--- What you have to do ---
Nothing beyond the line containing "mpoly) = (\<Prod>j<f. Xv j ^ 0" should be printed; print each line exactly from the first line of the listing below through it.

START Data extracts

lemma eval_iota1_single:
  assumes "multideg f (\<lambda>_. p - 1) m" "x \<in> Fq q" "y \<in> Fq q" "(x, y) \<noteq> (0, 0)"
  shows "ev_at x y (iota1 p f r (single m 1)) = eval_monom (frob_point p f x y) m"
proof -
  define i where "i j = lookup m (j, True)" for j
  have i_le: "j < f \<Longrightarrow> i j \<le> p - 1" for j
    using multideg_lookup_True_le[OF assms(1)] by (simp add: i_def)
  have "m = xy_monom f (\<lambda>j. p - 1 - i j) i"
    by (subst multideg_eq_xy_monom[OF assms(1)]) (auto intro!: xy_monom_cong
        simp: i_def multideg_lookup_False[OF assms(1)])
  then have ev_m: "eval_monom (frob_point p f x y) m = x ^ radix p f (\<lambda>j. p - 1 - i j) * y ^ radix p f i"
    by (simp add: eval_frob_point_xy_monom)
  show ?thesis
  proof (cases "\<forall>j<f. i j = p - 1")
    case True
    then have "radix p f i = radix p f (\<lambda>_. p - 1)" "radix p f (\<lambda>j. p - 1 - i j) = radix p f (\<lambda>_. 0)"
      by (auto intro!: radix_cong simp del: radix_0)
    then have "radix p f i = q - 1" "radix p f (\<lambda>j. p - 1 - i j) = 0"
      by (simp_all only: radix_top radix_0)
    moreover have "ev_at x y (\<Prod>j<f. Xv j ^ 0 * Yv j ^ r j) = y ^ (q - 1)"
      using assms(3) by (simp only: eval_frob_point_prod_Xv_Yv radix_0 Fq_power_radix_r) simp
    moreover have "iota1 p f r (single m 1 :: 'k mpoly) = (\<Prod>j<f. Xv j ^ 0 * Yv j ^ r j)"
      using True by (simp add: iota1_def lin_ext_single i_def)
    ultimately show ?thesis using ev_m by simp
  next
    case False
    then obtain j0 where j0: "j0 < f" "i j0 < p - 1" using i_le le_neq_implies_less by blast
    define e where "e = radix p f (\<lambda>j. p - 1 - i j)"
    have "0 < e" unfolding e_def using j0 p_ge_2 by (intro radix_pos) auto
    have "radix p f (\<lambda>j. r j - i j) = radix p f (\<lambda>j. (r j - (p - 1)) + (p - 1 - i j))"
    proof (rule radix_cong)
      fix j assume "j < f"
      with i_le[of j] r_ge_p[of j] show "r j - i j = r j - (p - 1) + (p - 1 - i j)" by linarith
    qed
    then have "radix p f (\<lambda>j. r j - i j) = radix_r' + e" by (simp add: radix_add e_def)
    moreover have "x ^ (radix_r' + e) = x ^ e"
      using assms(2) \<open>0 < e\<close> by (rule Fq_power_radix_r'_add)
    ultimately have "ev_at x y (\<Prod>j<f. Xv j ^ (r j - i j) * Yv j ^ i j) = x ^ e * y ^ radix p f i"
      by (simp add: eval_frob_point_prod_Xv_Yv)
    moreover have "iota1 p f r (single m 1 :: 'k mpoly) = (\<Prod>j<f. Xv j ^ (r j - i j) * Yv j ^ i j)"
      using False by (auto simp: iota1_def lin_ext_single i_def)
    ultimately show ?thesis using ev_m by (simp add: e_def)
  qed
qed

lemma eval_iota1:
  assumes "Q \<in> tens f (\<lambda>_. p - 1)" "x \<in> Fq q" "y \<in> Fq q" "(x, y) \<noteq> (0, 0)"
  shows "ev_at x y (iota1 p f r Q) = ev_at x y Q"
proof -
  have "ev_at x y (iota1 p f r Q) = (\<Sum>m\<in>keys Q. lookup Q m * ev_at x y (iota1 p f r (single m 1)))"
    by (simp add: iota1_def eval_mpoly_lin_ext lin_ext_single)
  also have "\<dots> = ev_at x y Q"
    unfolding eval_mpoly_def[of _ Q] using assms by (intro sum.cong refl)
      (simp add: eval_iota1_single tens_iff_multideg)
  finally show ?thesis .
qed

lemma eval_theta_ideal_Fq: "in_theta_ideal p f P \<Longrightarrow> x \<in> Fq q \<Longrightarrow> y \<in> Fq q \<Longrightarrow> ev_at x y P = 0"
  using eval_frob_point_theta_ideal by (simp add: q_eq)

section \<open>Injectivity\<close>

lemma radix_Y_le: "multideg f (\<lambda>_. p - 1) m \<Longrightarrow> radix p f (\<lambda>j. lookup m (j, True)) \<le> q - 1"
  unfolding radix_top[symmetric] by (intro radix_mono multideg_lookup_True_le)

lemma radix_Y_inj:
  assumes "multideg f (\<lambda>_. p - 1) m" "multideg f (\<lambda>_. p - 1) m'"
    and "radix p f (\<lambda>j. lookup m (j, True)) = radix p f (\<lambda>j. lookup m' (j, True))"
  shows "m = m'"
proof (rule multideg_eqI[OF assms(1,2)])
  have "lookup m (j, True) < p" "lookup m' (j, True) < p" if "j < f" for j
    using multideg_lookup_True_le[OF assms(1) that] multideg_lookup_True_le[OF assms(2) that] p_ge_2
    by linarith+
  then show "\<forall>j<f. lookup m (j, True) = lookup m' (j, True)"
    using assms(3) by (intro radix_inj) auto
qed

lemma eval_0_1_tens_p_minus_1:
  assumes Q: "Q \<in> tens f (\<lambda>_. p - 1)"
  shows "ev_at 0 1 Q = lookup Q (xy_monom f (\<lambda>_. 0) (\<lambda>_. p - 1))"
proof -
  define top where "top = xy_monom f (\<lambda>_. 0) (\<lambda>_. p - 1)"
  have top: "multideg f (\<lambda>_. p - 1) top" unfolding top_def by (rule multideg_xy_monom) simp
  have ev_top: "eval_monom (frob_point p f 0 1) m = (if m = top then 1 else 0)" if "m \<in> keys Q" for m
  proof -
    have m: "multideg f (\<lambda>_. p - 1) m" using Q that by (simp add: tens_iff_multideg)
    have "m = top \<longleftrightarrow> (\<forall>j<f. lookup m (j, False) = 0)"
    proof
      assume "\<forall>j<f. lookup m (j, False) = 0"
      then have "\<forall>j<f. lookup m (j, True) = lookup top (j, True)"
        using m by (simp add: multideg_def top_def lookup_xy_monom)
      then show "m = top" by (rule multideg_eqI[OF m top])
    qed (simp add: top_def lookup_xy_monom)
    then show ?thesis
      using p_ge_2 by (simp add: eval_monom_frob_point_0_1[OF m] radix_eq_0_iff power_0_left)
  qed
  have "ev_at 0 1 Q = (\<Sum>m\<in>keys Q. if m = top then lookup Q m else 0)"
    unfolding eval_mpoly_def[of _ Q] by (intro sum.cong refl) (simp add: ev_top)
  then show ?thesis by (simp add: in_keys_iff top_def)
qed

lemma const_plus_eq_0_if_vanishes:
  assumes Q: "Q \<in> tens f (\<lambda>_. p - 1)"
    and vanish: "\<And>x y. x \<in> Fq q \<Longrightarrow> y \<in> Fq q \<Longrightarrow> (x, y) \<noteq> (0, 0) \<Longrightarrow> c + ev_at x y Q = 0"
  shows "c = 0 \<and> Q = 0"
proof -
  define e where "e m = radix p f (\<lambda>j. lookup m (j, True))" for m
  have deg: "multideg f (\<lambda>_. p - 1) m" if "m \<in> keys Q" for m
    using Q that by (simp add: tens_iff_multideg)
  define R where "R = [:c:] + (\<Sum>m\<in>keys Q. monom (lookup Q m) (e m))"
  have "R = 0"
  proof (rule poly_eq_0_if_vanishes_on_Fq[OF prime_p char_k q_eq _ root_exists])
    show "0 < f" using f_ge_2 by simp
    have "degree R \<le> q - 1"
      unfolding R_def e_def using radix_Y_le[OF deg]
      by (intro degree_add_le degree_sum_le) (auto intro: degree_monom_le order_trans)
    then show "degree R < q" using q_ge_2 by linarith
    show "\<forall>t\<in>Fq q. poly R t = 0"
    proof
      fix t :: 'k assume "t \<in> Fq q"
      have "(\<Sum>m\<in>keys Q. lookup Q m * t ^ e m) = ev_at 1 t Q"
        unfolding eval_mpoly_def[of _ Q]
        by (intro sum.cong refl) (simp add: eval_monom_frob_point_1[OF deg] e_def)
      then have "poly R t = c + ev_at 1 t Q"
        by (simp add: R_def poly_sum poly_monom)
      then show "poly R t = 0" using vanish[OF Fq_1 \<open>t \<in> Fq q\<close>] by simp
    qed
  qed
  have lookup_Q: "lookup Q m = (if e m = 0 then - c else 0)" if "m \<in> keys Q" for m
  proof -
    have "coeff (\<Sum>m'\<in>keys Q. monom (lookup Q m') (e m')) (e m)
        = (\<Sum>m'\<in>keys Q. if m' = m then lookup Q m' else 0)"
      unfolding coeff_sum e_def using radix_Y_inj[OF deg deg] that by (intro sum.cong refl) auto
    moreover have "coeff [:c:] (e m) = (if e m = 0 then c else 0)"
      by (cases "e m") simp_all
    ultimately have "coeff R (e m) = (if e m = 0 then c else 0) + lookup Q m"
      using that by (simp add: R_def)
    then show ?thesis using \<open>R = 0\<close> by (auto simp: eq_neg_iff_add_eq_0 add.commute)
  qed
  define top where "top = xy_monom f (\<lambda>_. 0) (\<lambda>_. p - 1)"
  have "lookup Q top = 0"
  proof (cases "top \<in> keys Q")
    case True
    have "e top = radix p f (\<lambda>_. p - 1)"
      unfolding e_def top_def by (intro radix_cong) (simp add: lookup_xy_monom)
    then have "e top = q - 1" by (simp only: radix_top)
    then show ?thesis using lookup_Q[OF True] q_ge_2 by simp
  qed (simp add: in_keys_iff)
  then have "c = 0"
    using vanish[OF Fq_0 Fq_1] eval_0_1_tens_p_minus_1[OF Q] q_ge_2 by (simp add: top_def)
  moreover have "Q = 0"
  proof (rule poly_mapping_eqI)
    fix m
    show "lookup Q m = lookup 0 m"
      using lookup_Q[of m] \<open>c = 0\<close> by (cases "m \<in> keys Q") (auto simp: in_keys_iff split: if_splits)
  qed
  ultimately show ?thesis ..
qed

lemma iota_eq_0_if_vanishes:
  assumes "Q0 \<in> tens f (\<lambda>_. 0)" "Q1 \<in> tens f (\<lambda>_. p - 1)"
    and vanish: "\<And>x y. x \<in> Fq q \<Longrightarrow> y \<in> Fq q \<Longrightarrow> (x, y) \<noteq> (0, 0) \<Longrightarrow>
      ev_at x y (iota Q0 Q1) = 0"
  shows "Q0 = 0 \<and> Q1 = 0"
proof -
  have "ev_at x y Q0 = lookup Q0 0" for x y
    by (subst tens_zero_eq_const[OF assms(1)]) simp
  then have "lookup Q0 0 + ev_at x y Q1 = 0" if "x \<in> Fq q" "y \<in> Fq q" "(x, y) \<noteq> (0, 0)" for x y
    using vanish[OF that] eval_iota0[OF assms(1) that] eval_iota1[OF assms(2) that]
    by (simp add: eval_mpoly_add)
  then have "lookup Q0 0 = 0 \<and> Q1 = 0" by (rule const_plus_eq_0_if_vanishes[OF assms(2)])
  then show ?thesis using tens_zero_eq_const[OF assms(1)] by simp
qed

lemma iota_injective:
  fixes Q0 Q1 :: "'k mpoly"
  assumes "Q0 \<in> tens f (\<lambda>_. 0)" "Q1 \<in> tens f (\<lambda>_. p - 1)"
    and "in_theta_ideal p f (iota Q0 Q1)"
  shows "Q0 = 0 \<and> Q1 = 0"
  using assms by (intro iota_eq_0_if_vanishes) (auto intro: eval_theta_ideal_Fq)

section \<open>Surjectivity\<close>

definition in_iota_image :: "'k mpoly \<Rightarrow> bool" where
  "in_iota_image P \<longleftrightarrow> (\<exists>Q0\<in>tens f (\<lambda>_. 0). \<exists>Q1\<in>tens f (\<lambda>_. p - 1).
      in_theta_ideal p f (P - iota Q0 Q1))"

lemma in_iota_image_iota:
  assumes "Q0 \<in> tens f (\<lambda>_. 0)" "Q1 \<in> tens f (\<lambda>_. p - 1)"
  shows "in_iota_image (iota Q0 Q1)"
  unfolding in_iota_image_def using assms
  by (intro bexI[of _ Q0] bexI[of _ Q1]) (simp_all add: in_theta_ideal_0)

END Data extracts

--- Response ---
lemma eval_iota1_single:
  assumes "multideg f (\<lambda>_. p - 1) m" "x \<in> Fq q" "y \<in> Fq q" "(x, y) \<noteq> (0, 0)"
  shows "ev_at x y (iota1 p f r (single m 1)) = eval_monom (frob_point p f x y) m"
proof -
  define i where "i j = lookup m (j, True)" for j
  have i_le: "j < f \<Longrightarrow> i j \<le> p - 1" for j
    using multideg_lookup_True_le[OF assms(1)] by (simp add: i_def)
  have "m = xy_monom f (\<lambda>j. p - 1 - i j) i"
    by (subst multideg_eq_xy_monom[OF assms(1)]) (auto intro!: xy_monom_cong
        simp: i_def multideg_lookup_False[OF assms(1)])
  then have ev_m: "eval_monom (frob_point p f x y) m = x ^ radix p f (\<lambda>j. p - 1 - i j) * y ^ radix p f i"
    by (simp add: eval_frob_point_xy_monom)
  show ?thesis
  proof (cases "\<forall>j<f. i j = p - 1")
    case True
    then have "radix p f i = radix p f (\<lambda>_. p - 1)" "radix p f (\<lambda>j. p - 1 - i j) = radix p f (\<lambda>_. 0)"
      by (auto intro!: radix_cong simp del: radix_0)
    then have "radix p f i = q - 1" "radix p f (\<lambda>j. p - 1 - i j) = 0"
      by (simp_all only: radix_top radix_0)
    moreover have "ev_at x y (\<Prod>j<f. Xv j ^ 0 * Yv j ^ r j) = y ^ (q - 1)"
      using assms(3) by (simp only: eval_frob_point_prod_Xv_Yv radix_0 Fq_power_radix_r) simp
    moreover have "iota1 p f r (single m 1 :: 'k mpoly) = (\<Prod>j<f. Xv j ^ 0 * Yv j ^ r j)"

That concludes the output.